Od stycznia do maja eksport rosyjskiego gazu do Europy i Turcji spadł o prawie 28 proc. do 61 mld m3, poinformował w środę rosyjski koncern. To o 23,2 miliarda metrów sześciennych mniej niż w tym samym okresie w 2021 roku. Całkowite wydobycie gazu przez Gazprom w tym okresie również spadło o 5 proc. do nieco ponad 211 mld m3.
Firma dodała, że eksport gazu do Chin rośnie dzięki długoterminowemu kontraktowi między Gazpromem a chińską firmą energetyczną CNPC, ale nie podała żadnych danych liczbowych.
Czytaj więcej: Polakom nie straszne drogie paliwo? Rekordowe wyniki w I kw. 2022 roku
Ogromne dywidendy wypłacane akcjonariuszom
Ignorując trudne perspektywy rynkowe, Gazprom ogłosił rekordowo wysokie dywidendy od swoich akcji za 2021 r., w wysokości 1,24 bln rubli tj. 20,7 mld dolarów. Rosyjski rząd ma otrzymać nieco ponad połowę tej kwoty, ponieważ posiada ponad 50 proc. udziałów w firmie.
Partner zarządzający moskiewskiej firmy konsultingowej RusEnergy, Michaił Krutikhin, zasugerował, że tak wysoka wypłata może być związana z dodatkowymi wydatkami, jakie rosyjskie władze ponoszą w związku z inwazją na Ukrainę.
Według Krutikhina, Kreml nie może spodziewać się podobnych dywidend za 2022 roku, ponieważ rentowność Gazpromu może spaść w wyniku mniejszego eksportu gazu.

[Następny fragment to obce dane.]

text \<open>
  Unfolding the formula: \<open>phi1\<close> holds at \<open>T\<close> iff the path is below 1 on \<open>(T + 2, T + 5)\<close> and at
  least 1 at \<open>T + 5\<close>, and \<open>phi2\<close> at a time \<open>s \<in> (1, 2)\<close> forces \<open>phi1\<close> to hold exactly at \<open>s + 2\<close>.
  Hence \<open>psi\<close> holds at 0 iff the path reaches 1 for the first time at some time in \<open>(8, 9)\<close>, which
  for a continuous path means \<open>hit_time \<in> (8, 9)\<close>; the equivalence therefore holds for every path.

  For positivity, choose \<open>k\<close> such that with probability \<open>> 3/4\<close> the path moves by at most \<open>1/2\<close>
  between dyadic points of \<open>[0, 8]\<close> at distance \<open>\<le> 8 / 2^k\<close>. Split \<open>[0, 8]\<close> into \<open>2^k\<close> blocks and
  ask on each block that the path stays within \<open>1/2\<close> of its starting value and ends no higher than
  it started; each such event has probability \<open>\<ge> 1/2 - 1/4\<close>. By independent increments these
  events and a large rise of the path on \<open>[8, 8.5]\<close> occur together with positive probability, and
  then the path stays below \<open>1/2\<close> on \<open>[0, 8]\<close> and is above 1 at time \<open>8.5\<close>. Independence is only
  available for finitely many increments, so the block events are first imposed on the dyadic
  points of level \<open>k + d\<close> and the bound is passed to the limit \<open>d \<rightarrow> \<infinity>\<close>.
\<close>

section \<open>The formula and the hitting time\<close>

lemma hit_time_eqI:
  assumes "0 \<le> v" "1 \<le> x v" "\<forall>t\<in>{0..<v}. x t < 1"
  shows "hit_time x = ereal v"
  unfolding hit_time_def
proof (rule antisym)
  show "Inf {ereal t |t. 0 \<le> t \<and> 1 \<le> x t} \<le> ereal v"
    using assms by (blast intro: Inf_lower)
  have "v \<le> t" if "0 \<le> t" "1 \<le> x t" for t
    using assms(3) that by (meson atLeastLessThan_iff not_le)
  then show "ereal v \<le> Inf {ereal t |t. 0 \<le> t \<and> 1 \<le> x t}"
    by (auto intro: Inf_greatest)
qed

lemma hit_time_less_erealE:
  assumes "hit_time x < ereal b"
  obtains t where "0 \<le> t" "t < b" "1 \<le> x t"
  using assms by (auto simp: hit_time_def Inf_less_iff)

lemma first_passage_exists:
  fixes x :: "real \<Rightarrow> real"
  assumes cont: "continuous_on {0..} x" and "0 \<le> v" "1 \<le> x v"
  obtains w where "0 \<le> w" "w \<le> v" "1 \<le> x w" "\<forall>t\<in>{0..<w}. x t < 1"
proof -
  define H where "H = {t \<in> {0..v}. 1 \<le> x t}"
  have "closed H"
    unfolding H_def
    by (rule continuous_on_closed_Collect_le[OF continuous_on_const continuous_on_subset[OF cont]]) auto
  moreover have "v \<in> H" "bdd_below H"
    using assms by (auto simp: H_def intro: bdd_belowI[of _ 0])
  ultimately have "Inf H \<in> H" "\<And>t. t \<in> H \<Longrightarrow> Inf H \<le> t"
    by (auto intro: closed_contains_Inf cInf_lower)
  then show thesis
    by (intro that[of "Inf H"]) (force simp: H_def)+
qed

lemma hit_time_in_interval_iff:
  assumes cont: "continuous_on {0..} x" and "0 \<le> a"
  shows "hit_time x \<in> {ereal a<..<ereal b} \<longleftrightarrow> (\<exists>v\<in>{a<..<b}. 1 \<le> x v \<and> (\<forall>t\<in>{0..<v}. x t < 1))"
proof
  assume hit: "hit_time x \<in> {ereal a<..<ereal b}"
  then obtain t where "0 \<le> t" "1 \<le> x t"
    by (auto elim: hit_time_less_erealE)
  then obtain w where "0 \<le> w" "1 \<le> x w" "\<forall>t\<in>{0..<w}. x t < 1"
    using first_passage_exists[OF cont] by metis
  moreover from this have "hit_time x = ereal w"
    by (rule hit_time_eqI)
  ultimately show "\<exists>v\<in>{a<..<b}. 1 \<le> x v \<and> (\<forall>t\<in>{0..<v}. x t < 1)"
    using hit by auto
next
  assume "\<exists>v\<in>{a<..<b}. 1 \<le> x v \<and> (\<forall>t\<in>{0..<v}. x t < 1)"
  then obtain v where "a < v" "v < b" "1 \<le> x v" "\<forall>t\<in>{0..<v}. x t < 1"
    by auto
  with \<open>0 \<le> a\<close> show "hit_time x \<in> {ereal a<..<ereal b}"
    using hit_time_eqI[of v x] by simp
qed
(* For every $n\ge 3$, if $T$ is chosen uniformly at random from $\bigsqcup_{b\ge1,k\ge0,\,2b+k=n}\mathrm{SYT}^{+k}((b,b))$, the expected number of columns of $T$ (i.e. the expected value of $b$) is $\dfrac{n^2+n-6}{4n-6}$.
   Context: $\mathrm{SYT}^{+k}(\lambda)$: for a partition $\lambda$ of $N$ and $k\ge0$, the set of fillings of the cells of $\lambda$ by nonempty sets of positive integers forming a set partition of $[N+k]$, with $\max S(u)<\min S(v)$ whenever $u\ne v$ and $u$ is weakly northwest of $v$. The shape $(b,b)$ is the $2\times b$ rectangle. *)

theory Defs
  imports Complex_Main
begin

definition is_partition :: "nat list \<Rightarrow> bool" where
  "is_partition lam \<longleftrightarrow> sorted_wrt (\<ge>) lam \<and> (\<forall>x\<in>set lam. 0 < x)"

text \<open>Cells of the Young diagram (English convention): row i, column j, 0-indexed.\<close>
definition cells :: "nat list \<Rightarrow> (nat \<times> nat) set" where
  "cells lam = {(i, j). i < length lam \<and> j < lam ! i}"

definition weakly_nw :: "nat \<times> nat \<Rightarrow> nat \<times> nat \<Rightarrow> bool" where
  "weakly_nw u v \<longleftrightarrow> fst u \<le> fst v \<and> snd u \<le> snd v"

definition SYT_plus :: "nat \<Rightarrow> nat list \<Rightarrow> (nat \<times> nat \<Rightarrow> nat set) set" where
  "SYT_plus k lam = {S.
     (\<forall>c. c \<notin> cells lam \<longrightarrow> S c = {}) \<and>
     (\<forall>c\<in>cells lam. S c \<noteq> {}) \<and>
     (\<forall>c\<in>cells lam. \<forall>d\<in>cells lam. c \<noteq> d \<longrightarrow> S c \<inter> S d = {}) \<and>
     (\<Union>c\<in>cells lam. S c) = {1 .. sum_list lam + k} \<and>
     (\<forall>u\<in>cells lam. \<forall>v\<in>cells lam. u \<noteq> v \<and> weakly_nw u v \<longrightarrow> Max (S u) < Min (S v))}"

definition two_row_union :: "nat \<Rightarrow> (nat \<times> (nat \<times> nat \<Rightarrow> nat set)) set" where
  "two_row_union n = {(b, T). 1 \<le> b \<and> 2 * b \<le> n \<and> T \<in> SYT_plus (n - 2 * b) [b, b]}"

end

theory Submission
  imports Defs
begin

text \<open>
  The largest entry m of a set-valued filling lies in a corner z, and deleting it either removes
  the cell z (when it was alone there) or leaves a filling of the same shape. For two-row shapes
  (a, c) with c \<le> a, the number of fillings with entries {1..t} is therefore a count of walks of
  length t from the empty shape, a step adding a cell to one of the rows or, with multiplicity the
  number of corners, staying put. Pairing these forward counts with the backward counts of walks
  that end in a nonempty rectangle (b, b), both the number of all rectangular fillings with entries
  {1..n} and their total number of columns become walk counts from the empty shape. Those are
  ballot-type differences of binomial coefficients, and their quotient is (n^2 + n - 6) / (4n - 6).
\<close>

definition int_binom :: "int \<Rightarrow> int \<Rightarrow> int" where
  "int_binom n k = (if 0 \<le> k \<and> k \<le> n then int (nat n choose nat k) else 0)"

lemma int_binom_of_nat [simp]: "int_binom (int n) (int k) = int (n choose k)"
  by (simp add: int_binom_def)

lemma int_binom_pascal:
  assumes "0 \<le> n"
  shows "int_binom (n + 1) k = int_binom n k + int_binom n (k - 1)"
proof -
  consider "k \<le> 0" | "0 < k \<and> k \<le> n" | "k = n + 1" | "n + 1 < k" by linarith
  then show ?thesis
  proof cases
    case 1 then show ?thesis using assms by (simp add: int_binom_def)
  next
    case 2
    then obtain j where "nat k = Suc j" by (metis gr0_implies_Suc zero_less_nat_eq)
    with 2 assms show ?thesis by (simp add: int_binom_def nat_add_distrib nat_diff_distrib)
  next
    case 3 then show ?thesis using assms by (simp add: int_binom_def nat_add_distrib)
  next
    case 4 then show ?thesis by (simp add: int_binom_def)
  qed
qed

lemma int_binom_symmetric:
  assumes "0 \<le> n"
  shows "int_binom n k = int_binom n (n - k)"
  using assms binomial_symmetric[of "nat k" "nat n"]
  by (auto simp: int_binom_def nat_diff_distrib)

lemma int_binom_plus2:
  assumes "0 \<le> n"
  shows "int_binom (n + 2) k = int_binom n k + 2 * int_binom n (k - 1) + int_binom n (k - 2)"
proof -
  have "int_binom (n + 2) k = int_binom ((n + 1) + 1) k" by (simp add: add.assoc)
  then show ?thesis using int_binom_pascal[of "n + 1"] int_binom_pascal[of n] assms by simp
qed

lemma int_binom_plus3:
  assumes "0 \<le> n"
  shows "int_binom (n + 3) k
    = int_binom n k + 3 * int_binom n (k - 1) + 3 * int_binom n (k - 2) + int_binom n (k - 3)"
proof -
  have "int_binom (n + 3) k = int_binom ((n + 1) + 2) k" by (simp add: add.assoc)
  then show ?thesis using int_binom_plus2[of "n + 1"] int_binom_pascal[of n] assms by simp
qed

lemma int_binom_absorption:
  assumes "0 \<le> n"
  shows "(k + 1) * int_binom n (k + 1) = (n - k) * int_binom n k"
proof -
  consider "k < -1" | "k = -1" | "0 \<le> k \<and> k < n" | "k = n" | "n < k" by linarith
  then show ?thesis
  proof cases
    case 3
    then obtain i j where ij: "k = int i" "n = int j" using assms by (metis nonneg_int_cases)
    have "Suc i * (j choose Suc i) = (j - i) * (j choose i)"
      using binomial_absorption[of i j] binomial_absorb_comp[of j i] by simp
    moreover have "i < j" using 3 ij by simp
    ultimately have "int (Suc i * (j choose Suc i)) = int ((j - i) * (j choose i))" by simp
    with 3 ij \<open>i < j\<close> show ?thesis
      by (simp add: int_binom_def nat_add_distrib of_nat_diff algebra_simps)
  qed (use assms in \<open>auto simp: int_binom_def\<close>)
qed
lemma hitting_weight_le:
  fixes ch sh :: real
  assumes U: "finite U" and ch: "0 \<le> ch" and sh: "0 \<le> sh"
  shows "hitting_weight ch sh T U r \<le> real (card (U \<inter> T) choose r) * (sh / (ch + sh)) ^ r * (ch + sh) ^ card U"
  using U
proof (induction U arbitrary: r rule: finite_induct)
  case empty
  then show ?case
    by (cases r) (simp_all add: hitting_weight_def)
next
  case (insert x U)
  let ?e = "ch + sh" and ?s = "sh / (ch + sh)" and ?N = "card (U \<inter> T)" and ?F = "hitting_weight ch sh T U"
  let ?B = "\<lambda>N r. real (N choose r) * ?s ^ r * ?e ^ card (insert x U)"
  have e: "0 \<le> ?e" and s: "0 \<le> ?s" and sh_eq: "sh = ?s * ?e"
    using ch sh by auto
  have IH: "?e * ?F r' \<le> ?B ?N r'" for r'
    using mult_left_mono[OF insert.IH e] insert.hyps by (simp add: mult_ac)
  show ?case
  proof (cases "x \<in> T \<and> r > 0")
    case True
    have "ch * ?F r \<le> ?e * ?F r"
      using ch sh by (intro mult_right_mono hitting_weight_nonneg) auto
    also have "\<dots> \<le> ?B ?N r"
      by (rule IH)
    moreover have "sh * ?F (r - 1) = ?s * (?e * ?F (r - 1))"
      by (subst sh_eq) (rule mult.assoc)
    ultimately have "ch * ?F r + sh * ?F (r - 1) \<le> ?B ?N r + ?s * (?e * ?F (r - 1))"
      by linarith
    also have "\<dots> \<le> ?B ?N r + ?s * ?B ?N (r - 1)"
      using IH s by (intro add_left_mono mult_left_mono)
    also have "\<dots> = ?B (Suc ?N) r"
      using True by (cases r) (simp_all add: algebra_simps)
    finally show ?thesis
      using True insert.hyps by (simp add: hitting_weight_insert Int_insert_left)
  next
    case False
    have "real (card (insert x U \<inter> T) choose r) = real (?N choose r)"
      using False insert.hyps by (cases "x \<in> T") (auto simp: Int_insert_left)
    moreover have "ch * ?F r + sh * ?F r \<le> ?B ?N r"
      using IH by (simp add: distrib_right)
    ultimately show ?thesis
      using False insert.hyps by (auto simp: hitting_weight_insert)
  qed
qed

lemma power_div_fact_le_exp:
  fixes x :: real
  assumes "0 \<le> x"
  shows "x ^ n / fact n \<le> exp x"
proof -
  have exp_sums: "(\<lambda>m. x ^ m / fact m) sums exp x"
    using exp_converges[of x] by (simp add: divide_inverse_commute)
  have "(\<Sum>m\<in>{n}. x ^ m / fact m) \<le> (\<Sum>m. x ^ m / fact m)"
    using exp_sums assms by (intro sum_le_suminf) (auto simp: sums_iff)
  then show ?thesis
    using exp_sums by (simp add: sums_iff)
qed

lemma sinh_div_exp_le:
  fixes x :: real
  assumes "0 \<le> x"
  shows "sinh x / exp x \<le> x"
proof -
  have "sinh x / exp x = (1 - exp (- (2 * x))) / 2"
    by (simp add: sinh_def field_simps exp_minus flip: exp_add)
  also have "\<dots> \<le> x"
    using exp_ge_add_one_self[of "- (2 * x)"] by simp
  finally show ?thesis .
qed

lemma binomial_le_exp_power:
  fixes c :: real
  assumes N: "real N \<le> c * real r"
  shows "real (N choose r) \<le> (exp 1 * c) ^ r"
proof (cases "r = 0")
  case False
  have "0 \<le> c * real r"
    using N by (meson of_nat_0_le_iff order_trans)
  then have c: "0 \<le> c"
    using False by (simp add: zero_le_mult_iff)
  have "real (N choose r) * fact r \<le> real N ^ r"
    using binomial_fact_pow[of N r] by (metis of_nat_fact of_nat_le_iff of_nat_mult of_nat_power)
  then have "real (N choose r) \<le> real N ^ r / fact r"
    by (simp add: field_simps)
  also have "\<dots> \<le> (c * real r) ^ r / fact r"
    using N by (intro divide_right_mono power_mono) auto
  also have "\<dots> = c ^ r * (real r ^ r / fact r)"
    by (simp add: power_mult_distrib)
  also have "\<dots> \<le> c ^ r * exp (real r)"
    using c by (intro mult_left_mono power_div_fact_le_exp) auto
  also have "\<dots> = (exp 1 * c) ^ r"
    by (simp add: power_mult_distrib mult.commute flip: exp_of_nat_mult)
  finally show ?thesis .
qed simp

lemma weight_le_mult_card_cover:
  assumes S: "finite S" and cover: "supp R \<subseteq> (\<Union>i\<in>S. supp (Qs i))"
    and w: "\<And>i. i \<in> S \<Longrightarrow> weight (Qs i) \<le> w"
  shows "weight R \<le> w * card (S \<inter> {i. supp (Qs i) \<inter> supp R \<noteq> {}})"
proof -
  let ?S = "S \<inter> {i. supp (Qs i) \<inter> supp R \<noteq> {}}"
  have "supp R \<subseteq> (\<Union>i\<in>?S. supp (Qs i))"
    using cover by blast
  then have "weight R \<le> card (\<Union>i\<in>?S. supp (Qs i))"
    unfolding weight_def using S by (intro card_mono) auto
  also have "\<dots> \<le> (\<Sum>i\<in>?S. weight (Qs i))"
    unfolding weight_def using S by (intro card_UN_le) auto
  also have "\<dots> \<le> w * card ?S"
    using w sum_bounded_above[of ?S "\<lambda>i. weight (Qs i)" w] by (simp add: mult.commute)
  finally show ?thesis .
qed

lemma nat_ceiling_divide_le:
  fixes a w c :: nat
  assumes "a \<le> w * c"
  shows "nat \<lceil>real a / real w\<rceil> \<le> c"
proof (cases "w = 0")
  case False
  then have "real a / real w \<le> real c"
    using assms by (simp add: divide_le_eq mult.commute flip: of_nat_mult)
  then show ?thesis
    by (simp add: nat_le_iff ceiling_le_iff)
qed simp

lemma le_mult_nat_ceiling_divide:
  fixes a w :: nat
  assumes "0 < w"
  shows "a \<le> w * nat \<lceil>real a / real w\<rceil>"
proof -
  have "real a = real w * (real a / real w)"
    using assms by simp
  also have "\<dots> \<le> real w * of_int \<lceil>real a / real w\<rceil>"
    by (intro mult_left_mono le_of_int_ceiling) auto
  also have "\<dots> = real (w * nat \<lceil>real a / real w\<rceil>)"
    by simp
  finally show ?thesis
    by (simp only: of_nat_le_iff)
qed

lemma sum_power_mult_le_telescope:
  fixes N h :: "nat \<Rightarrow> real"
  assumes q: "0 \<le> q" and step: "\<And>t. t < m \<Longrightarrow> N t + h t \<le> q * N (Suc t)"
  shows "(\<Sum>t<m. q ^ t * h t) \<le> q ^ m * N m - N 0"
proof -
  have "q ^ t * h t \<le> q ^ Suc t * N (Suc t) - q ^ t * N t" if "t < m" for t
    using mult_left_mono[OF step[OF that], of "q ^ t"] q by (simp add: algebra_simps)
  then have "(\<Sum>t<m. q ^ t * h t) \<le> (\<Sum>t<m. q ^ Suc t * N (Suc t) - q ^ t * N t)"
    by (intro sum_mono) auto
  also have "\<dots> = q ^ m * N m - N 0"
    using sum_lessThan_telescope[of "\<lambda>t. q ^ t * N t" m] by simp
  finally show ?thesis .
qed

section \<open>Error of the weight-truncated propagation\<close>

locale truncated_pauli_propagation =
  fixes n k L D w :: nat and Qs :: "nat \<Rightarrow> pauli list" and cs :: "nat \<Rightarrow> real"
    and \<delta> :: real and Obs :: "complex mat"
  assumes length_Qs: "\<And>j. j \<in> {1..L} \<Longrightarrow> length (Qs j) = n"
    and weight_Qs: "\<And>j. j \<in> {1..L} \<Longrightarrow> weight (Qs j) \<le> w"
    and qubit_load: "\<And>q. q < n \<Longrightarrow> card {j\<in>{1..L}. q \<in> supp (Qs j)} \<le> D"
    and cs_le: "\<And>j. j \<in> {1..L} \<Longrightarrow> \<bar>cs j\<bar> \<le> \<delta>"
    and delta_nonneg: "0 \<le> \<delta>"
    and growth_le_1: "2 * exp 1 * \<delta> * D * w \<le> 1"
    and Obs_carrier: "Obs \<in> carrier_mat (2^n) (2^n)"
begin

(* The theorem's g carries an extra factor e^delta, which this argument does not need. *)
abbreviation growth :: real where
  "growth \<equiv> 2 * exp 1 * \<delta> * D * w"

definition gate :: "nat \<Rightarrow> complex mat" where
  "gate j = mexp (of_real (cs j) \<cdot>\<^sub>m pauli_mat n (Qs j))"

definition A :: "nat \<Rightarrow> complex mat" where
  "A = fwd (\<lambda>j X. Mmap n (cs j) (Qs j) X) (1\<^sub>m (2^n))"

Tymczasem ceny gazu na rynku kasowym spadły o prawie 6 proc. do około 89 euro za megawat w środowym handlu, według londyńskiej giełdy ICE Exchange. Zmianę tę przypisuje się doniesieniom o akceptowaniu nowego układu płatności przez dużych klientów Gazpromu w Europie.
Gazprom ogłosił, że od 1 czerwca wstrzymał dostawy gazu dla dwóch kolejnych odbiorców w Europie, po tym jak obaj odmówili akceptacji zmian w terminach płatności narzuconych przez spółkę zależną rosyjskiego koncernu zajmującą się handlem zagranicznym. Chodzi o Holandię i Danię.